Сурдинами Тигарден пользовался редко, но ему принадлежит изобретение приема, который производил схожий эффект. Он снимал раструб своего тромбона и на оставшуюся голую трубку надевал обычный стакан. Такой «полудуховой» инструмент звучал глухо и пугающе-загадочно. С помощью этого приема Тигарден любил играть в миноре — таковы «Tailspin Blues», записанный с группой «Mound City Blue Blowers», или же его знаменитая пьеса «Makin' Friends».
Уровень игры Тигардена был неизменно высок — из его записей трудно выбрать лучшую. Однако больше других мне нравится пьеса «Jack Hits the Road», которую он записал в 1940 году с ансамблем под руководством Бада Фримена и при участии Пи Ви Расселла. По форме это простой блюз. Тигарден солирует два первых хоруса и последний заключительный хорус, практически полностью игнорируя граунд-бит. Если его соло изъять из пьесы, то установить размер будет невозможно. К примеру, в начале второго хоруса Тигарден трижды повторяет фигуру из трех звуков — каждый раз он все дальше отодвигает ее от метрического акцента. Последний хорус начинается длинным, необычным для Тигардена невнятным звуком в нижнем регистре, а затем (в тактах семь, восемь и девять) он играет одну из своих арабесок — протяжный оборот в стиле рубато, который производит сильнейший эффект на слушателей. Его можно назвать подлинной жемчужиной джазового искусства.

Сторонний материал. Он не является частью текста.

lemma interpolation_bound_imp_dominated:
  fixes \<phi> :: "real \<times> real \<Rightarrow> ereal"
  assumes nonpos: "\<And>y. \<phi> y \<le> 0" and bound: "interpolation_bound \<phi>"
  shows "\<exists>G. maximal_monotone G \<and> (\<forall>y. \<phi> y \<le> phiG G y)"
proof -
  define P where "P = {y. \<phi> y \<noteq> -\<infinity>}"
  define p where "p y = real_of_ereal (\<phi> y)" for y
  have p: "\<phi> y = ereal (p y)" "p y \<le> 0" if "y \<in> P" for y
    using that nonpos[of y] unfolding P_def p_def by (cases "\<phi> y"; simp)+
  define R where "R y w = sqrt ((w - rot_u y)\<^sup>2 - 4 * p y)" for y w
  have R_lipschitz: "1-lipschitz_on UNIV (\<lambda>w. rot_v y - R y w)" if "y \<in> P" for y
  proof -
    have "1-lipschitz_on UNIV (R y)"
      unfolding R_def using sqrt_dist_lipschitz[of "- 4 * p y"] p(2)[OF that] by simp
    then show ?thesis
      using lipschitz_on_diff[OF lipschitz_on_constant] by fastforce
  qed
  obtain g where g: "1-lipschitz_on UNIV g"
    and between: "\<And>y w. y \<in> P \<Longrightarrow> rot_v y - R y w \<le> g w \<and> g w \<le> rot_v y + R y w"
    using ex_lipschitz_between[of 1 P "\<lambda>y w. rot_v y - R y w" "\<lambda>y w. rot_v y + R y w"]
      R_lipschitz interpolation_bound_imp_rot_v_le[OF bound p(1) p(1) p(2) p(2)]
    unfolding R_def by auto
  have "\<phi> y \<le> phiG (rot_graph g) y" for y
  proof (cases "y \<in> P")
    case False
    then show ?thesis unfolding P_def by simp
  next
    case True
    have "\<bar>g w - rot_v y\<bar> \<le> R y w" for w
      using between[OF True, of w] by (simp add: abs_le_iff)
    then show ?thesis
      using p[OF True] ereal_le_phiG_rot_graph unfolding R_def by simp
  qed
  with maximal_monotone_rot_graph[OF g] show ?thesis by blast
qed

Тигарден был не только выдающимся тромбонистом. Самое поразительное заключалось в том, что он был ведущим белым певцом в джазе. Остается тайной, почему так мало белых мужчин-музыкантов пыталось петь джаз и еще меньше преуспело в этом. Ведь если белые музыканты могут играть джаз, то они должны справиться и с пением. Но Тигарден был практически единственным. Голос его был грубоватым, слегка гнусавым, но фразировка мелодии обладала той же характерной «ленивостью», которая отличала и его игру на тромбоне. К сожалению, он как вокалист нередко отдавал предпочтение сентиментально-слащавым мелодиям, что совершенно несвойственно его инструментальной игре. Но его трактовка блюзов в высшей степени убедительна, о чем можно судить по вокальным партиям в «Beale Street Blues». Эта запись была сделана с группой «All-Star Orchestra», руководимой Эдди Лангом и Джо Венути. Даже если бы он никогда не брал в руки тромбон, он завоевал бы место в истории джаза своим пением. Но все-таки главное для нас заключено в его игре на тромбоне. Стиль Тигардена был настолько индивидуален, что у него почти не было имитаторов. Как никто в джазе, Тигарден был sui generis *.
* Единственный в своем роде (лат.).
В конце 20-х годов группа белых музыкантов, включая Тигардена, Пи Ви Расселла, Бенни Гудмена, Бикса Бейдербека и других, впервые в истории джаза могла на равных соперничать с лучшими Негритянскими джазменами. И хотя в джазе продолжали доминировать негритянские артисты (так, видимо, будет всегда), белые музыканты уже заговорили в полный голос. В целом белые и негритянские исполнители работали обособленно, что крайне ограничивало их влияние друг на друга.
И все же творчество белых музыкантов оказало воздействие на негритянских исполнителей. Во-первых, находясь под впечатлением виртуозной игры белых инструменталистов из джазовых и танцевальных оркестров, негры стали работать над совершенствованием своей техники. Во-вторых, внимание негров привлекли новые принципы аранжировки, их усложненные джазовые гармонии. Некоторые негритянские исполнители, например Коулмен Хокинс и Дон Редмен из оркестра Флетчера Хендерсона, в конце 20-х годов уже экспериментировали с новыми гармониями, но приоритет в этой области оставался за белыми музыкантами.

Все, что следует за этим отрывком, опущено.